ProSciento, Inc.

Clinical Data Manager

US-CA-San Diego
2 days ago


Summary: The Clinical Data Manager, under the direction of the Associate Director, Clinical Data Management, is responsible for the daily clinical data management (CDM) operations of ongoing studies managed by ProSciento. The Clinical Data Manager will concentrate on good data management documentation practices and apply ProSciento procedures to provide excellent service to our sponsors. Performs duties in accordance with company’s values, policies, and procedures.


Essential Duties and Responsibilities include the following. Other duties may be assigned at the company’s sole discretion.


Clinical trials/research, including associated equipment and computer systems:

  • Leads the process of Case Report Forms (CRF)/Electronic Case Report Forms (eCRF) development for a study.
  • Leads the development and maintenance of the CDM plan.
  • Designs and tests studies in ProSciento’s data management system for use on paper-based CRF and eCRF studies.
  • Creates study-specific data entry instructions and conventions.
  • May participate in data entry from paper CRFs as needed.
  • Creates and maintains the data validation specifications.
  • Designs edit checks within the ProSciento data management system that conform to the data validation specifications.
  • Performs discrepancy management within the ProSciento data management system.
  • Routinely reviews data issues with internal site staff to minimize discrepancies.
  • Updates study database (paper CRFs) and assists Data Entry Associates with updates (eCRFs) according to discrepancy responses.
  • Develops data listings from the data management system to perform data review that may result in discrepancies.
  • Creates and maintains study status reports for tracking CRF/eCRF completion, discrepancy management, and other study metrics as needed.
  • Performs medical coding of adverse events and concomitant medications.
  • Manages and QCs data received from external vendors.
  • Prepares and QCs internally-generated data for review by CRAs and for transfer to sponsors or CROs.
  • Supports the Associate Director, Clinical Data Management, in the oversight of CROs for any outsourced studies.
  • Attends team meetings as needed to represent CDM interests.
  • Assists in the development, maintenance, and monitoring of CDM policies, standards, and practices.
  • Reviews protocols and provides input relevant to data management issues.
  • Provides input for the development of project specific timelines and budgets.
  • Trains on department specific Standard Operating Procedures (SOPs) and Work Instructions (WIs).      



To perform this job successfully, an individual must be able to perform each essential duty satisfactorily.

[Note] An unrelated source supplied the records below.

lemma complete_edges_insert_cases:
  assumes "(a, b) \<in> complete_edges (insert r S)"
  obtains "(a, b) \<in> complete_edges S" | s where "s \<in> S" "{a, b} = {r, s}"
proof (cases "a = r \<or> b = r")
  case True
  then show ?thesis
    using assms that(2)[of b] that(2)[of a] by (auto simp: insert_commute)
next
  case False
  then show ?thesis
    using assms that(1) by auto
qed

lemma complete_edges_insert_subset:
  assumes "sym E" "complete_edges S \<subseteq> E" "\<forall>s\<in>S. (r, s) \<in> E"
  shows "complete_edges (insert r S) \<subseteq> E"
proof clarify
  fix a b assume "(a, b) \<in> complete_edges (insert r S)"
  then show "(a, b) \<in> E"
    by (cases rule: complete_edges_insert_cases)
      (use assms sym_iff[OF assms(1)] in \<open>auto simp: doubleton_eq_iff\<close>)
qed

lemma simplex_insert:
  assumes sym: "sym E" and S: "simplex V E S" and r: "r \<in> V" "r \<notin> S"
    and adjacent: "\<forall>s\<in>S. (r, s) \<in> E"
    and new_colors: "\<forall>s\<in>S. \<forall>e\<in>complete_edges S. \<not> same_color E (r, s) e"
    and distinct_colors: "\<forall>s\<in>S. \<forall>s'\<in>S. s \<noteq> s' \<longrightarrow> \<not> same_color E (r, s) (r, s')"
  shows "simplex V E (insert r S)"
  unfolding simplex_iff_same_color[OF sym]
proof (intro conjI allI impI notI)
  show "finite (insert r S)" "2 \<le> card (insert r S)" "insert r S \<subseteq> V"
    using S r unfolding simplex_def by auto
  show "complete_edges (insert r S) \<subseteq> E"
    using complete_edges_insert_subset[OF sym _ adjacent] S unfolding simplex_def by blast
next
  fix a b c d
  assume ab: "(a, b) \<in> complete_edges (insert r S)" and cd: "(c, d) \<in> complete_edges (insert r S)"
    and ne: "{a, b} \<noteq> {c, d}" and same: "same_color E (a, b) (c, d)"
  from ab show False
  proof (cases rule: complete_edges_insert_cases)
    case ab_old: 1
    from cd show False
    proof (cases rule: complete_edges_insert_cases)
      case 1
      then show False
        using simplex_edges_not_same_color[OF sym S ab_old _ ne] same by blast
    next
      case (2 s)
      then show False
        using new_colors ab_old same same_color_sym[OF sym]
          same_color_doubleton_right[OF sym] by metis
    qed
  next
    case (2 s)
    then have same': "same_color E (r, s) (c, d)"
      using same same_color_doubleton_left[OF sym] by blast
    from cd show False
    proof (cases rule: complete_edges_insert_cases)
      case 1
      then show False
        using new_colors \<open>s \<in> S\<close> same' by blast
    next
      case (2 s')
      then show False
        using distinct_colors \<open>s \<in> S\<close> \<open>{a, b} = {r, s}\<close> same' ne
          same_color_doubleton_right[OF sym] by metis
    qed
  qed
qed

lemma apex_Gamma_step:
  assumes sym: "sym E"
    and x: "(v, x) \<in> E" "\<not> same_color E (v, x) e"
    and y: "(v, y) \<in> E" "\<not> same_color E (v, y) e"
    and step: "(x, y') \<in> E" "(y, y') \<notin> E" and same: "same_color E (x, y') e"
  shows "v \<noteq> y' \<and> (v, y') \<in> E \<and> \<not> same_color E (v, y') e"
proof (intro conjI)
  have xv: "(x, v) \<in> E"
    using x(1) sym_iff[OF sym] by blast
  show "v \<noteq> y'"
    using same x(2) sym by auto
  show vy': "(v, y') \<in> E"
  proof (rule ccontr)
    assume "(v, y') \<notin> E"
    then have "((x, v), (x, y')) \<in> Gamma E"
      using xv step(1) by simp
    then have "same_color E (x, v) e"
      using same_color_if_rtrancl_Gamma[OF _ xv] same_color_trans[OF sym _ same] by blast
    then show False
      using x(2) sym by simp
  qed
  have "((v, y), (v, y')) \<in> Gamma E"
    using y(1) vy' step(2) by simp
  then have "same_color E (v, y) (v, y')"
    using same_color_if_rtrancl_Gamma y(1) by blast
  then show "\<not> same_color E (v, y') e"
    using y(2) same_color_trans[OF sym] by blast
qed

lemma apex_rtrancl_Gamma:
  assumes sym: "sym E" and ab: "(a, b) \<in> E"
    and va: "v \<noteq> a" "(v, a) \<in> E" "\<not> same_color E (v, a) (a, b)"
    and vb: "v \<noteq> b" "(v, b) \<in> E" "\<not> same_color E (v, b) (a, b)"
    and path: "((a, b), (x, y)) \<in> (Gamma E)\<^sup>*"
  shows "v \<noteq> x \<and> (v, x) \<in> E \<and> \<not> same_color E (v, x) (a, b) \<and>
    v \<noteq> y \<and> (v, y) \<in> E \<and> \<not> same_color E (v, y) (a, b)"
  using path
proof (induction rule: rtrancl_induct2)
  case refl
  then show ?case
    using va vb by blast
next
  case (step x y x' y')
  have "same_color E (x', y') (a, b)"
    using same_color_if_rtrancl_Gamma[OF rtrancl_into_rtrancl[OF step.hyps] ab]
      same_color_sym[OF sym] by blast
  moreover have E': "(x', y') \<in> E"
    using step.hyps(2) by auto
  moreover from step.hyps(2) have "x = x' \<and> (y, y') \<notin> E \<or> y = y' \<and> (x, x') \<notin> E"
    by auto
  ultimately show ?case
  proof (elim disjE conjE)
    assume "same_color E (x', y') (a, b)" "x = x'" "(y, y') \<notin> E"
    then show ?case
      using apex_Gamma_step[OF sym, of v x "(a, b)" y y'] step.IH E' by blast
  next
    assume "same_color E (x', y') (a, b)" "y = y'" "(x, x') \<notin> E"
    moreover have "(y, x') \<in> E"
      using E' \<open>y = y'\<close> sym_iff[OF sym] by blast
    ultimately show ?case
      using apex_Gamma_step[OF sym, of v y "(a, b)" x x'] step.IH sym by auto
  qed
qed

lemma simplex_vertex_not_spanned:
  assumes sym: "sym E" and T: "simplex V E T" and ST: "S \<subseteq> T" and v: "v \<in> T" "v \<notin> S"
  shows "v \<notin> spanned (multiplex E S)"
proof
  assume "v \<in> spanned (multiplex E S)"
  then obtain y where "(v, y) \<in> multiplex E S"
    using mem_spanned_multiplex_iff[OF sym] by blast
  then obtain a b where ab: "(a, b) \<in> complete_edges S" and same: "same_color E (a, b) (v, y)"
    using mem_multiplex_iff[OF sym] by blast
  have "(a, b) \<in> complete_edges T" "(v, a) \<in> complete_edges T" "(v, b) \<in> complete_edges T"
    using ab ST v by auto
  moreover have "{v, a} \<noteq> {a, b}" "{v, b} \<noteq> {a, b}"
    using ab v by (auto simp: doubleton_eq_iff)
  ultimately have "\<not> same_color E (v, a) (a, b)" "\<not> same_color E (v, b) (a, b)"
    "(a, b) \<in> E" "(v, a) \<in> E" "(v, b) \<in> E"
    using simplex_edges_not_same_color[OF sym T] simplex_complete_edges[OF T] by blast+
  moreover have "((a, b), (v, y)) \<in> (Gamma E)\<^sup>* \<or> ((a, b), (y, v)) \<in> (Gamma E)\<^sup>*"
    using same by (simp add: same_color_def)
  moreover have "v \<noteq> a" "v \<noteq> b"
    using ab v by auto
  ultimately show False
    using apex_rtrancl_Gamma[OF sym] by blast
qed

The requirements listed below are representative of the knowledge, skill, and/or ability required. Reasonable accommodations may be made to enable individuals with disabilities to perform the essential functions.

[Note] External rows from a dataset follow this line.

text \<open>The induction step: conservation at both upper neighbours of a point of \<open>S\<close> gives
  conservation at the point, because there the levels of the incoming edge split between the two
  outgoing edges (\<open>assoc_split\<close>) and each part is transported by \<open>level_measure_through_vertex\<close>.\<close>
lemma conserves_inside:
  assumes z: "z \<in> S" "z \<in> Zt" and ff: "flow_field S \<eta>"
    and ne: "conserves S \<eta> (fst z + 1, snd z + 1)" and nw: "conserves S \<eta> (fst z - 1, snd z + 1)"
  shows "conserves S \<eta> z"
proof -
  define w1 where "w1 = (fst z + 1, snd z + 1)"
  define w2 where "w2 = (fst z - 1, snd z + 1)"
  let ?G = "escapes_from S"
  have G: "?G z = Cons z ` (?G w1 \<union> ?G w2)"
    using escapes_from_inside[OF z] unfolding w1_def w2_def upper_nbrs_def by simp
  have disj: "?G w1 \<inter> ?G w2 = {}"
    unfolding w1_def w2_def escapes_from_def by auto
  have fin: "finite (?G w1)" "finite (?G w2)" using ne nw unfolding conserves_def w1_def w2_def by auto
  have edges: "mk_edge z w1 = e_ne z" "mk_edge z w2 = e_nw z" unfolding w1_def w2_def by (rule edges_at)+
  have steps: "up_step z w1" "up_step z w2"
    using up_step_iff_upper[OF z(2)] unfolding w1_def w2_def upper_nbrs_def by auto
  have nonneg: "0 \<le> \<eta> (e_sw z)" "0 \<le> \<eta> (e_se z)" "0 \<le> \<eta> (e_nw z)" "0 \<le> \<eta> (e_ne z)"
    and cons: "\<eta> (e_nw z) + \<eta> (e_ne z) = \<eta> (e_sw z) + \<eta> (e_se z)"
    using ff edges_at_in_edges_cl[OF z] z(1) unfolding flow_field_def by auto
  have "(\<Sum>ws\<in>?G z. level_measure \<alpha> \<beta> (admissible \<eta> (y # ws)))
      = level_measure \<alpha> \<beta> (\<lambda>p. 0 < p \<and> p \<le> \<eta> (mk_edge y z))" if yz: "up_step y z" for y \<alpha> \<beta>
  proof -
    define e where "e = mk_edge y z"
    have y: "y \<in> lower_nbrs z" "adj y z"
      using yz up_step_iff_lower[OF z(2)] unfolding up_step_def by blast+
    then have "e = mk_edge z y" unfolding e_def using mk_edge_sym by blast
    then have "e \<in> {e_sw z, e_se z}"
      using y(1) by (auto simp: lower_nbrs_def edges_at)
    then obtain m where m: "0 \<le> m" "m \<le> \<eta> e"
      and to_nw: "\<And>p. (\<exists>p'. assoc \<eta> z e p (e_nw z) p') \<longleftrightarrow> 0 < p \<and> p \<le> m"
      and to_ne: "\<And>p. (\<exists>p'. assoc \<eta> z e p (e_ne z) p') \<longleftrightarrow> m < p \<and> p \<le> \<eta> e"
      using assoc_split[OF nonneg cons] by blast
    have through: "(\<Sum>ws\<in>?G w. level_measure \<alpha> \<beta> (admissible \<eta> (y # z # ws)))
        = level_measure \<alpha> \<beta> (\<lambda>p. \<exists>p'. assoc \<eta> z e p (mk_edge z w) p')"
      if cw: "conserves S \<eta> w" and zw: "up_step z w" for w
      unfolding e_def
    proof (rule level_measure_through_vertex)
      show "\<exists>r. ws = w # r" if "ws \<in> ?G w" for ws using that by (rule escapes_from_Cons)
      show "(\<Sum>ws\<in>?G w. level_measure \<alpha>' \<beta>' (admissible \<eta> (z # ws)))
        = level_measure \<alpha>' \<beta>' (\<lambda>p. 0 < p \<and> p \<le> \<eta> (mk_edge z w))" for \<alpha>' \<beta>'
        using cw zw unfolding conserves_def by blast
    qed
    have "(\<Sum>ws\<in>?G z. level_measure \<alpha> \<beta> (admissible \<eta> (y # ws)))
        = (\<Sum>ws\<in>?G w1. level_measure \<alpha> \<beta> (admissible \<eta> (y # z # ws)))
          + (\<Sum>ws\<in>?G w2. level_measure \<alpha> \<beta> (admissible \<eta> (y # z # ws)))"
      unfolding G by (simp add: sum.reindex sum.union_disjoint[OF fin disj])
    also have "\<dots> = level_measure \<alpha> \<beta> (\<lambda>p. m < p \<and> p \<le> \<eta> e) + level_measure \<alpha> \<beta> (\<lambda>p. 0 < p \<and> p \<le> m)"
      using through[OF ne[folded w1_def] steps(1)] through[OF nw[folded w2_def] steps(2)]
      by (simp add: edges to_ne to_nw)
    also have "\<dots> = level_measure \<alpha> \<beta> (\<lambda>p. 0 < p \<and> p \<le> \<eta> e)"
      by (rule level_measure_split[OF m])
    finally show ?thesis unfolding e_def .
  qed
  then show ?thesis
    unfolding conserves_def using G fin by simp
qed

Bachelor’s degree in life sciences or mathematics and/or formal or on-the-job training in clinical trial methodology and Good Clinical Practice (GCP) plus five or more years of experience in direct data management experience at a CRO, pharmaceutical, or biotechnology company and/or an equivalent combination of education and experience. Experience writing SOPs and training documentation.

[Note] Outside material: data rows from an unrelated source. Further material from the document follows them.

(* Let $\mathcal{T}$ be a K3 category and $E\in\mathcal{T}$ a spherical object. Define objects $E_n$ inductively by $E_1:=E$ and, given $E_n$, letting $E_{n+1}$ be defined by a distinguished triangle $E_{n+1}\to E\to E_n[2]\to E_{n+1}[1]$ whose middle map is a nonzero morphism $E\to E_n[2]$. Then $\mathrm{Hom}(E,E_n[2])$ is one-dimensional for every $n\ge1$ (so the construction is well defined up to isomorphism), and for all positive integers $m\le n$ one has $(E_m,E_n)^i=1$ if $i\in\{-n+1,\dots,-n+m\}$, $(E_m,E_n)^i=1$ if $i\in\{2,\dots,m+1\}$, and $(E_m,E_n)^i=0$ otherwise.
   Context: All categories are linear over a field $k$ of characteristic $\neq 2$ and of finite type. A K3 category is such a triangulated category in which $E\mapsto E[2]$ is a Serre functor ($\mathrm{Hom}(E,F)\cong\mathrm{Hom}(F,E[2])^*$ functorially). Write $(E,F)^i=\dim_k\mathrm{Hom}(E,F[i])$. An object $E$ is spherical if $(E,E)^0=(E,E)^2=1$ and $(E,E)^i=0$ for $i\neq0,2$. *)

theory Defs
  imports Main
begin

section \<open>k-linear categories (morphisms in a global type, Hom-sets as carriers)\<close>

record ('o, 'm, 'k) kcat =
  Ob    :: "'o set"
  Hom   :: "'o \<Rightarrow> 'o \<Rightarrow> 'm set"
  cmp   :: "'m \<Rightarrow> 'm \<Rightarrow> 'm"        (* cmp g f = g o f *)
  idm   :: "'o \<Rightarrow> 'm"
  addm  :: "'m \<Rightarrow> 'm \<Rightarrow> 'm"
  smul  :: "'k \<Rightarrow> 'm \<Rightarrow> 'm"
  zerom :: "'o \<Rightarrow> 'o \<Rightarrow> 'm"
  shO   :: "'o \<Rightarrow> 'o"               (* shift functor on objects, E \<mapsto> E[1] *)
  shM   :: "'m \<Rightarrow> 'm"
  dist  :: "('o \<times> 'o \<times> 'o \<times> 'm \<times> 'm \<times> 'm) set"  (* distinguished triangles A -f-> B -g-> C -h-> A[1] *)

definition category :: "('o,'m,'k) kcat \<Rightarrow> bool" where
  "category C \<longleftrightarrow>
     (\<forall>A\<in>Ob C. idm C A \<in> Hom C A A) \<and>
     (\<forall>A\<in>Ob C. \<forall>B\<in>Ob C. \<forall>D\<in>Ob C. \<forall>f\<in>Hom C A B. \<forall>g\<in>Hom C B D. cmp C g f \<in> Hom C A D) \<and>
     (\<forall>A\<in>Ob C. \<forall>B\<in>Ob C. \<forall>f\<in>Hom C A B. cmp C f (idm C A) = f \<and> cmp C (idm C B) f = f) \<and>
     (\<forall>A\<in>Ob C. \<forall>B\<in>Ob C. \<forall>D\<in>Ob C. \<forall>F\<in>Ob C. \<forall>f\<in>Hom C A B. \<forall>g\<in>Hom C B D. \<forall>h\<in>Hom C D F.
         cmp C h (cmp C g f) = cmp C (cmp C h g) f)"

definition klinear :: "('o,'m,'k::field) kcat \<Rightarrow> bool" where
  "klinear C \<longleftrightarrow> category C \<and>
     (\<forall>A\<in>Ob C. \<forall>B\<in>Ob C.
        zerom C A B \<in> Hom C A B \<and>
        (\<forall>f\<in>Hom C A B. \<forall>g\<in>Hom C A B. addm C f g \<in> Hom C A B) \<and>
        (\<forall>c. \<forall>f\<in>Hom C A B. smul C c f \<in> Hom C A B) \<and>
        (\<forall>f\<in>Hom C A B. \<forall>g\<in>Hom C A B. \<forall>h\<in>Hom C A B. addm C (addm C f g) h = addm C f (addm C g h)) \<and>
        (\<forall>f\<in>Hom C A B. \<forall>g\<in>Hom C A B. addm C f g = addm C g f) \<and>
        (\<forall>f\<in>Hom C A B. addm C (zerom C A B) f = f) \<and>
        (\<forall>f\<in>Hom C A B. \<exists>g\<in>Hom C A B. addm C f g = zerom C A B) \<and>
        (\<forall>c. \<forall>f\<in>Hom C A B. \<forall>g\<in>Hom C A B. smul C c (addm C f g) = addm C (smul C c f) (smul C c g)) \<and>
        (\<forall>a b. \<forall>f\<in>Hom C A B. smul C (a + b) f = addm C (smul C a f) (smul C b f)) \<and>
        (\<forall>a b. \<forall>f\<in>Hom C A B. smul C (a * b) f = smul C a (smul C b f)) \<and>
        (\<forall>f\<in>Hom C A B. smul C 1 f = f)) \<and>
     (\<forall>A\<in>Ob C. \<forall>B\<in>Ob C. \<forall>D\<in>Ob C. \<forall>f\<in>Hom C A B. \<forall>f'\<in>Hom C A B. \<forall>g\<in>Hom C B D. \<forall>g'\<in>Hom C B D. \<forall>c.
        cmp C g (addm C f f') = addm C (cmp C g f) (cmp C g f') \<and>
        cmp C (addm C g g') f = addm C (cmp C g f) (cmp C g' f) \<and>
        cmp C g (smul C c f) = smul C c (cmp C g f) \<and>
        cmp C (smul C c g) f = smul C c (cmp C g f))"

Skills, Knowledge, and Abilities:

Technical competency using data management systems, especially EDC systems. Understanding of US and international regulatory mandates and guidance for clinical research including FDA/ICH-GCP. Demonstrated ability to manage a complex workload and prioritize tasks based on program goals. Ability to work quickly and independently and as a strong team player.


Language Ability:

Ability to read and interpret documents such as safety rules, SOP’s, WI’s, procedural manuals, governmental and clinical regulations, and similar documents. Excellent oral, written and interpersonal communication skills with the ability to communicate effectively to employees and Management groups and in group meeting settings.


Math Ability:

Ability to add, subtract, multiply, and divide in all units of measure, using whole numbers, common fractions, and decimals. Ability to compute rate, ratio, and percent and to draw and interpret bar graphs. Ability to work with mathematical concepts such as probability and statistical inference, and fundamentals of plane and solid geometry and trigonometry. Ability to apply concepts such as fractions, percentages, ratios, and proportions to practical situations.


Reasoning Ability:

Ability to define problems, collect data, establish facts, and draw valid conclusions. Ability to interpret an extensive variety of technical instructions in mathematical or diagram form and deal with several abstract and concrete variables.


Computer Skills:

To perform this job successfully, an individual should have intermediate knowledge of the current MS Office Suite.


Work Environment:

The work environment characteristics described here are representative of those an employee encounters while performing the essential functions of this job. Reasonable accommodations may be made to enable individuals with disabilities to perform the essential functions.


Physical Demands:

The physical demands described here are representative of those that must be met by an employee to successfully perform the essential functions of this job. Reasonable accommodations may be made to enable individuals with disabilities to perform the essential functions.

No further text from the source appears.